The threading model or so named "thread-per-request" model is a traditional approach to handling web requests in synchronous programming models where each incoming request to the WEB server is handled by a dedicated thread. Just this thread is responsible for complete processing the request and composing response. Two main threading models are most famous currently: Platform Threading Model and Virtual Threading Model.

This article has a goal to show out how using threading models in Web servers and evaluating them functional possibilities. Here the Web servers on Java platform will be evaluating only by using Ubuntu 20.04 system.

Platform Threading Model

On a thread based system the web server creates a new thread as soon as a request receiving. So all the work for this request is handled by that thread. Such thread is named often as platform or real thread due to its implemented as a thin wrapper around an operating system (OS) thread. Every thread exists until his work will not be finished, independently it's in waiting state or uses processor resource.

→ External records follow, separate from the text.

(* Under the standing assumptions: (i) For any $b$ with $\max_ib_i<b<1$ there exist constants $C_+,C_->0$, independent of $m\in\mathbb{Z}$ and $r\in\mathbb{Z}_{>0}$, such that, writing $r=uN+j$ as below, \[|A(m;r)|<C_+\,a_1^{m}q^{\frac{m^2}{2N}+\frac m2+u}\ (m\ge0),\qquad |A(m;r)|<C_-\,b^{-m}q^{u}\ (m<0).\] (ii) There exist constants $D_+,D_->0$, independent of $m$ and $r$, such that \[|B(r;m)|<D_+\,a_N^{-m}q^{-\frac{m^2}{2N}+\epsilon m-(\frac12+\epsilon)u}\ (m\ge0),\qquad |B(r;m)|<D_-\,a_1^{-m}q^{u}\ (m<0).\]
   Context: Standing assumptions: $0<q<1$, $a_1>\dots>a_N$, $a_i,b_i\in(0,1)$ distinct, $a_1/a_N<q^{-1/2+\epsilon}$ with fixed $\epsilon\in(0,1/2)$; $t>0$, $k\in\mathbb{Z}_{\ge0}$; $(x;q)_\infty=\prod_{j\ge0}(1-xq^j)$; $f(m)=\frac{tq^{1/2+k+m}}{1+tq^{1/2+k+m}}$. For $r\in\mathbb{Z}_{>0}$ write $r=uN+j$ with $j\in\{1,\dots,N\}$, $u\in\mathbb{Z}_{\ge0}$, and set $\tilde a_r=a_jq^u$. Define for $m\in\mathbb{Z}$, $r\in\mathbb{Z}_{>0}$: \[A(m;r)=f(m)\frac{1}{2\pi i}\oint_C\frac{dz}{z^{1+m}}\frac{1}{z-\tilde a_r^{-1}}\prod_{i=1}^N\frac{(a_iz;q)_\infty}{(b_i/z;q)_\infty},\qquad B(r;m)=\tilde a_r^{-m}\operatorname*{Res}_{w=\tilde a_r^{-1}}\prod_{i=1}^N\frac{(b_i/w;q)_\infty}{(a_iw;q)_\infty},\] where $C$ is a positively oriented circle centered at $0$ of radius greater than $\max_ib_i$ (the integrand has no singularity at $\tilde a_r^{-1}$, so the value does not depend on the radius). *)

theory Defs
  imports "HOL-Complex_Analysis.Complex_Analysis"
begin

definition qpoch :: "complex \<Rightarrow> real \<Rightarrow> complex" where
  "qpoch x q = (\<Prod>j. 1 - x * complex_of_real (q ^ j))"

definition fB :: "real \<Rightarrow> real \<Rightarrow> nat \<Rightarrow> int \<Rightarrow> real" where
  "fB q t k m = t * q powr (1/2 + real k + real_of_int m) / (1 + t * q powr (1/2 + real k + real_of_int m))"

text \<open>For r > 0 write r = u N + j with j in {1..N}: then u = (r-1) div N, j = (r-1) mod N + 1.\<close>
definition uidx :: "nat \<Rightarrow> nat \<Rightarrow> nat" where
  "uidx N r = (r - 1) div N"

definition jidx :: "nat \<Rightarrow> nat \<Rightarrow> nat" where
  "jidx N r = (r - 1) mod N + 1"

definition atil :: "real \<Rightarrow> nat \<Rightarrow> (nat \<Rightarrow> real) \<Rightarrow> nat \<Rightarrow> real" where
  "atil q N a r = a (jidx N r) * q ^ uidx N r"

text \<open>A(m;r); the contour is the positively oriented unit circle (radius 1 > max b_i).\<close>
definition Aker :: "real \<Rightarrow> nat \<Rightarrow> (nat \<Rightarrow> real) \<Rightarrow> (nat \<Rightarrow> real) \<Rightarrow> real \<Rightarrow> nat \<Rightarrow> int \<Rightarrow> nat \<Rightarrow> complex" where
  "Aker q N a b t k m r =
     complex_of_real (fB q t k m) * (1 / (2 * pi * \<i>)) *
     contour_integral (circlepath 0 1)
       (\<lambda>z. 1 / z powi (1 + m) * (1 / (z - complex_of_real (1 / atil q N a r))) *
            (\<Prod>i\<in>{1..N}. qpoch (complex_of_real (a i) * z) q / qpoch (complex_of_real (b i) / z) q))"

definition Bker :: "real \<Rightarrow> nat \<Rightarrow> (nat \<Rightarrow> real) \<Rightarrow> (nat \<Rightarrow> real) \<Rightarrow> nat \<Rightarrow> int \<Rightarrow> complex" where
  "Bker q N a b r m =
     complex_of_real (atil q N a r powr (- real_of_int m)) *
     residue (\<lambda>w. \<Prod>i\<in>{1..N}. qpoch (complex_of_real (b i) / w) q / qpoch (complex_of_real (a i) * w) q)
             (complex_of_real (1 / atil q N a r))"

end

This means, that the maximum of available threads on a computer determines how many concurrent users can send request to the web server simultaneously.

Let say, Tavr – average processing time of request and RQS – requests per second.

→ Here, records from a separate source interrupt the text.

(* For $n\ge 1$ and $0<z<1/n$ let $q_n(z) = \sum_{\pi\in S_n} z^{t(\pi)}$. Then \[ q_n(z) = O(\sqrt{n})\,\frac{e^{-n}}{(1-zn)^{1/z}}, \] i.e. there is an absolute constant $C$ such that $q_n(z) \le C\sqrt{n}\,e^{-n}(1-zn)^{-1/z}$ for all $n\ge1$ and $0<z<1/n$.
   Context: For $\pi\in S_n$, $t(\pi)$ is the minimum number of transpositions whose product is $\pi$; equivalently $t(\pi)=s(\pi)-c(\pi)$ where $s(\pi)$ is the number of points moved by $\pi$ and $c(\pi)$ the number of its cycles of length at least 2. *)

theory Defs
  imports "HOL-Analysis.Analysis" "HOL-Combinatorics.Combinatorics"
begin

definition tcount :: "(nat \<Rightarrow> nat) \<Rightarrow> nat" where
  "tcount p = (LEAST k. \<exists>ts :: (nat \<times> nat) list.
      length ts = k \<and> (\<forall>(a,b)\<in>set ts. a \<noteq> b) \<and>
      p = foldr (\<lambda>(a,b) f. Transposition.transpose a b \<circ> f) ts id)"

definition qpoly :: "nat \<Rightarrow> real \<Rightarrow> real" where
  "qpoly n z = (\<Sum>p\<in>{p. p permutes {1..n}}. z ^ tcount p)"

end

theory Submission
  imports Defs
begin

text \<open>
  Sorting a permutation \<open>p\<close> top-down (for \<open>m = N-1, \<dots>, 0\<close> compose with the transposition
  \<open>(m p(m))\<close> that puts \<open>m\<close> back in place) uses \<open>swap_count N p\<close> transpositions, and this count
  grows by at most one when \<open>p\<close> is multiplied by a transposition; hence it is a lower bound
  for \<open>t\<close>.  Writing each permutation of \<open>{1..n+1}\<close> as \<open>(n+1 b) \<circ> q\<close> with \<open>q\<close> a permutation of
  \<open>{1..n}\<close> shows \<open>\<Sum>\<^sub>p z^(swap_count p) = \<Prod>\<^sub>k (1 + k z) \<le> exp (z n\<^sup>2/2)\<close>, and
  \<open>ln (1 - x) \<le> -x - x\<^sup>2/2\<close> at \<open>x = z n\<close> bounds this by \<open>e^(-n) (1 - z n)^(-1/z)\<close>.
  So \<open>C = 1\<close> works, even without the factor \<open>\<surd>n\<close>.
\<close>

fun swap_count :: "nat \<Rightarrow> (nat \<Rightarrow> nat) \<Rightarrow> nat" where
  "swap_count 0 p = 0"
| "swap_count (Suc m) p =
     swap_count m (Transposition.transpose m (p m) \<circ> p) + (if p m = m then 0 else 1)"

lemma swap_count_id [simp]: "swap_count N id = 0"
  by (induction N) simp_all

lemma swap_count_transpose_comp_le:
  "swap_count N (Transposition.transpose a b \<circ> p) \<le> Suc (swap_count N p)"
proof (induction N arbitrary: a b p)
  case 0
  show ?case by simp
next
  case (Suc M)
  let ?c = "p M"
  let ?q = "Transposition.transpose M ?c \<circ> p"
  have swap_top:
    "swap_count (Suc M) (Transposition.transpose M b \<circ> p) \<le> Suc (swap_count (Suc M) p)" for b
  proof -
    consider "b = M" | "b \<noteq> M" "?c = M" | "b \<noteq> M" "?c = b" | "b \<noteq> M" "?c \<noteq> M" "?c \<noteq> b"
      by blast
    then show ?thesis
    proof cases
      case 1
      then show ?thesis by simp
    next
      case 2
      then show ?thesis by (simp add: comp_assoc [symmetric])
    next
      case 3
      then show ?thesis by simp
    next
      case 4
      have "Transposition.transpose M ?c \<circ> (Transposition.transpose M b \<circ> p)
          = Transposition.transpose b ?c \<circ> ?q"
        using 4 by (auto simp: fun_eq_iff Transposition.transpose_def)
      then have "swap_count (Suc M) (Transposition.transpose M b \<circ> p)
          = Suc (swap_count M (Transposition.transpose b ?c \<circ> ?q))"
        using 4 by simp
      also have "\<dots> \<le> Suc (Suc (swap_count M ?q))"
        using Suc.IH[of b ?c ?q] by (simp add: comp_def)
      finally show ?thesis
        using 4 by simp
    qed
  qed
  show ?case
  proof (cases "a = M \<or> b = M")
    case True
    obtain b' where b': "Transposition.transpose a b = Transposition.transpose M b'"
      using True by (metis transpose_commute)
    show ?thesis
      by (subst b') (rule swap_top)
  next
    case False
    let ?p = "Transposition.transpose a b \<circ> p"
    have conj: "Transposition.transpose M (?p M) \<circ> ?p = Transposition.transpose a b \<circ> ?q"
      using False by (auto simp: fun_eq_iff Transposition.transpose_def)
    have fixed: "?p M = M \<longleftrightarrow> ?c = M"
      using False by (auto simp: Transposition.transpose_def)
    have "swap_count (Suc M) ?p
        = swap_count M (Transposition.transpose a b \<circ> ?q) + (if ?c = M then 0 else 1)"
      unfolding swap_count.simps conj fixed ..
    also have "\<dots> \<le> Suc (swap_count M ?q) + (if ?c = M then 0 else 1)"
      using Suc.IH[of a b ?q] by linarith
    also have "\<dots> = Suc (swap_count (Suc M) p)"
      by (simp only: swap_count.simps add_Suc)
    finally show ?thesis .
  qed
qed

lemma swap_count_le_swapidseq: "swapidseq k p \<Longrightarrow> swap_count N p \<le> k"
proof (induction rule: swapidseq.induct)
  case id
  show ?case
    using swap_count_id[of N] by (simp add: id_def)
next
  case (comp_Suc k p a b)
  then show ?case
    using swap_count_transpose_comp_le[of N a b p] by (simp add: comp_def)
qed

lemma swapidseq_foldr_transpose:
  "\<forall>(a, b)\<in>set ts. a \<noteq> b \<Longrightarrow>
   swapidseq (length ts) (foldr (\<lambda>(a, b) f. Transposition.transpose a b \<circ> f) ts id)"
proof (induction ts)
  case Nil
  show ?case
    using swapidseq.id by (simp add: id_def)
next
  case (Cons ab ts)
  let ?F = "\<lambda>(a, b) f. Transposition.transpose a b \<circ> f"
  obtain a b where ab: "ab = (a, b)" by fastforce
  have "swapidseq (length ts) (foldr ?F ts id)"
    using Cons.prems by (intro Cons.IH) auto
  then have "swapidseq (Suc (length ts)) (Transposition.transpose a b \<circ> foldr ?F ts id)"
    using Cons.prems ab by (intro swapidseq.comp_Suc) auto
  moreover have "foldr ?F (ab # ts) id = Transposition.transpose a b \<circ> foldr ?F ts id"
    using ab by simp
  ultimately show ?case
    by (metis length_Cons)
qed

lemma swapidseq_iff_transposition_product:
  "swapidseq k p \<longleftrightarrow> (\<exists>ts. length ts = k \<and> (\<forall>(a, b)\<in>set ts. a \<noteq> b) \<and>
     p = foldr (\<lambda>(a, b) f. Transposition.transpose a b \<circ> f) ts id)"
proof
  assume "swapidseq k p"
  then show "\<exists>ts. length ts = k \<and> (\<forall>(a, b)\<in>set ts. a \<noteq> b) \<and>
     p = foldr (\<lambda>(a, b) f. Transposition.transpose a b \<circ> f) ts id"
  proof (induction rule: swapidseq.induct)
    case id
    show ?case by (intro exI[of _ "[]"]) simp
  next
    case (comp_Suc k p a b)
    then obtain ts where "length ts = k" "\<forall>(a, b)\<in>set ts. a \<noteq> b"
      "p = foldr (\<lambda>(a, b) f. Transposition.transpose a b \<circ> f) ts id"
      by blast
    with comp_Suc.hyps show ?case
      by (intro exI[of _ "(a, b) # ts"]) (simp add: comp_def id_def)
  qed
qed (auto intro: swapidseq_foldr_transpose)

lemma tcount_eq_Least_swapidseq: "tcount p = (LEAST k. swapidseq k p)"
  unfolding tcount_def swapidseq_iff_transposition_product ..

lemma swap_count_le_tcount:
  assumes "permutation p"
  shows "swap_count N p \<le> tcount p"
proof -
  from assms obtain k where "swapidseq k p"
    unfolding permutation_def ..
  then have "swapidseq (tcount p) p"
    unfolding tcount_eq_Least_swapidseq by (rule LeastI)
  then show ?thesis
    by (rule swap_count_le_swapidseq)
qed

lemma sum_permutes_power_swap_count:
  fixes z :: "'a::comm_semiring_1"
  shows "(\<Sum>p\<in>{p. p permutes {1..n}}. z ^ swap_count (Suc n) p) = (\<Prod>k<n. 1 + of_nat k * z)"
proof (induction n)
  case 0
  show ?case by simp
next
  case (Suc n)
  let ?S = "{p. p permutes {1..n}}"
  \<comment> \<open>the first sorting step undoes \<open>(n+1 b)\<close>, since \<open>q\<close> fixes \<open>n+1\<close>\<close>
  have "swap_count (Suc (Suc n)) (Transposition.transpose (Suc n) b \<circ> q)
      = swap_count (Suc n) q + (if b = Suc n then 0 else 1)" if "q \<in> ?S" for b q
  proof -
    have "q (Suc n) = Suc n"
      using that by (auto simp: permutes_def)
    then show ?thesis
      by (simp add: comp_assoc [symmetric])
  qed
  then have "(\<Sum>p\<in>{p. p permutes insert (Suc n) {1..n}}. z ^ swap_count (Suc (Suc n)) p)
      = (\<Sum>b\<in>insert (Suc n) {1..n}. (if b = Suc n then 1 else z) * (\<Sum>q\<in>?S. z ^ swap_count (Suc n) q))"
    by (simp add: sum_over_permutations_insert sum_distrib_left power_add mult.commute
        del: swap_count.simps cong: if_cong)
  also have "\<dots> = (1 + of_nat n * z) * (\<Sum>q\<in>?S. z ^ swap_count (Suc n) q)"
    by (simp add: sum_distrib_right algebra_simps del: swap_count.simps)
  finally show ?case
    using Suc by (simp add: atLeastAtMostSuc_conv mult.commute del: swap_count.simps)
qed

lemma ln_one_minus_le_quadratic:
  fixes x :: real
  assumes "0 \<le> x" "x < 1"
  shows "ln (1 - x) \<le> - x - x\<^sup>2 / 2"
proof -
  let ?f = "\<lambda>t::real. ln (1 - t) + t + t\<^sup>2 / 2"
  have "?f x \<le> ?f 0"
  proof (rule DERIV_nonpos_imp_nonincreasing[OF assms(1)])
    fix t :: real
    assume "0 \<le> t" "t \<le> x"
    then have "t < 1"
      using assms by simp
    then have "DERIV ?f t :> - t\<^sup>2 / (1 - t)" and "- t\<^sup>2 / (1 - t) \<le> 0"
      by (auto intro!: derivative_eq_intros simp: field_simps power2_eq_square)
    then show "\<exists>y. DERIV ?f t :> y \<and> y \<le> 0"
      by blast
  qed
  then show ?thesis
    by simp
qed

lemma sum_lessThan_real_le_half_square: "(\<Sum>k<n. real k) \<le> real n ^ 2 / 2"
  by (induction n) (simp_all add: power2_eq_square field_simps)

lemma prod_one_plus_le_exp_half_square:
  fixes z :: real
  assumes "0 \<le> z"
  shows "(\<Prod>k<n. 1 + real k * z) \<le> exp (z * real n ^ 2 / 2)"
proof -
  have "(\<Prod>k<n. 1 + real k * z) \<le> (\<Prod>k<n. exp (real k * z))"
    using assms by (intro prod_mono) (auto simp: add.commute exp_ge_add_one_self)
  also have "\<dots> = exp (z * (\<Sum>k<n. real k))"
    by (simp add: exp_sum sum_distrib_left mult.commute)
  also have "\<dots> \<le> exp (z * real n ^ 2 / 2)"
    using mult_left_mono[OF sum_lessThan_real_le_half_square assms] by simp
  finally show ?thesis .
qed

lemma exp_half_square_le_exp_powr:
  fixes x z :: real
  assumes "0 < z" "0 \<le> x" "z * x < 1"
  shows "exp (z * x\<^sup>2 / 2) \<le> exp (- x) * (1 - z * x) powr (- 1 / z)"
proof -
  have "(- 1 / z) * (- (z * x) - (z * x)\<^sup>2 / 2) \<le> (- 1 / z) * ln (1 - z * x)"
    using assms by (intro mult_left_mono_neg ln_one_minus_le_quadratic) auto
  moreover have "(- 1 / z) * (- (z * x) - (z * x)\<^sup>2 / 2) = x + z * x\<^sup>2 / 2"
    using assms by (simp add: field_simps power2_eq_square)
  ultimately have "exp (z * x\<^sup>2 / 2) \<le> exp (- x + (- 1 / z) * ln (1 - z * x))"
    by simp
  also have "\<dots> = exp (- x) * (1 - z * x) powr (- 1 / z)"
    using assms by (simp add: powr_def exp_add [symmetric])
  finally show ?thesis .
qed

lemma qpoly_le_prod:
  assumes "0 \<le> z" "z \<le> 1"
  shows "qpoly n z \<le> (\<Prod>k<n. 1 + real k * z)"
proof -
  have "qpoly n z \<le> (\<Sum>p\<in>{p. p permutes {1..n}}. z ^ swap_count (Suc n) p)"
    unfolding qpoly_def
  proof (rule sum_mono)
    fix p
    assume "p \<in> {p. p permutes {1..n}}"
    then have "permutation p"
      by (auto intro: permutes_imp_permutation)
    then have "swap_count (Suc n) p \<le> tcount p"
      by (rule swap_count_le_tcount)
    then show "z ^ tcount p \<le> z ^ swap_count (Suc n) p"
      using assms by (rule power_decreasing)
  qed
  also have "\<dots> = (\<Prod>k<n. 1 + real k * z)"
    by (rule sum_permutes_power_swap_count)
  finally show ?thesis .
qed

theorem lemma4:
  shows "\<exists>C::real. \<forall>(n::nat) (z::real). n \<ge> 1 \<longrightarrow> 0 < z \<longrightarrow> z < 1 / real n \<longrightarrow>
     qpoly n z \<le> C * sqrt (real n) * exp (- real n) * (1 - z * real n) powr (- 1 / z)"
proof (intro exI[of _ 1] allI impI)
  fix n :: nat and z :: real
  assume n: "n \<ge> 1" and z: "0 < z" and zn: "z < 1 / real n"
  then have "z * real n < 1"
    by (simp add: field_simps)
  moreover have "z \<le> z * real n"
    using n z by simp
  ultimately have "z \<le> 1"
    by linarith
  have "qpoly n z \<le> (\<Prod>k<n. 1 + real k * z)"
    using z \<open>z \<le> 1\<close> by (intro qpoly_le_prod) auto
  also have "\<dots> \<le> exp (z * real n ^ 2 / 2)"
    using z by (intro prod_one_plus_le_exp_half_square) auto
  also have "\<dots> \<le> exp (- real n) * (1 - z * real n) powr (- 1 / z)"
    using z \<open>z * real n < 1\<close> by (intro exp_half_square_le_exp_powr) auto
  also have "\<dots> \<le> 1 * sqrt (real n) * exp (- real n) * (1 - z * real n) powr (- 1 / z)"
    using n mult_right_mono[of 1 "sqrt (real n)" "exp (- real n) * (1 - z * real n) powr (- 1 / z)"]
    by (simp add: mult.assoc)
  finally show "qpoly n z \<le> 1 * sqrt (real n) * exp (- real n) * (1 - z * real n) powr (- 1 / z)" .
qed

end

Therefore RSS = 1/ Tavr is average responses per second.

If RQS < RSS then all is OK and server works quite calmly, the number of threads is not growing. The minimum count of threads are enough to be processing every request.

But a dangerous situation could occur in case of RQS > RSS. In this case the number of threads will growing and can reaching critical state when machine resources are overhead.

The number of threads during some time can be evaluated by using simple formula:

Nt = No + (RQS - RSS)*t

where Nt – current number of threads

No – initial number of threads

t - observation time

Thus, for instance, if No=10 (initial threads pool) and (RQS – RSS) = 10 Req/Sec then in 10 min (600 sec) the count of requests processing threads will be already above 6000!

Sure, above mentioned formula is abstract and idealized representation of real situation but anyway it gives some insights about existing problem concerning usage of threading model.

Take into account also that every thread is in fact a lightweight process and naturally as many processes are working in one machine then more slowly they working because of competition for machine resources.

Note also than the maximum count of threads in any machine is limited. In practical terms, this limit is influenced by the operating system and the available system resources, such as memory and CPU cores. So, the only way to rectify such situation is scaling (horizontal or vertical).

Let’s to do some experiment and use for instance a simple HTTPS server build on Java platform.

The certificate for HTTPS server can be generated like described in article. Sure, of course. we can use JKS certificate because many Java developers are still used it. But notice that PFX format certificate (PKCS12 KeyStore) is recommended to use now in Java (since JDK 17.x) instead of deprecated JKS KeyStore. Therefore we will use the PFX format, given that in the current test we are using JDK 19.x.

Start the server and evaluate the benchmark.

To evaluate the performance, we will be used autocannon tools to benchmark test our HTTPS server (results of test shown below):

HTTPS Server receives quite big of client requests during 10 sec. Active threads count evaluates every 1 sec.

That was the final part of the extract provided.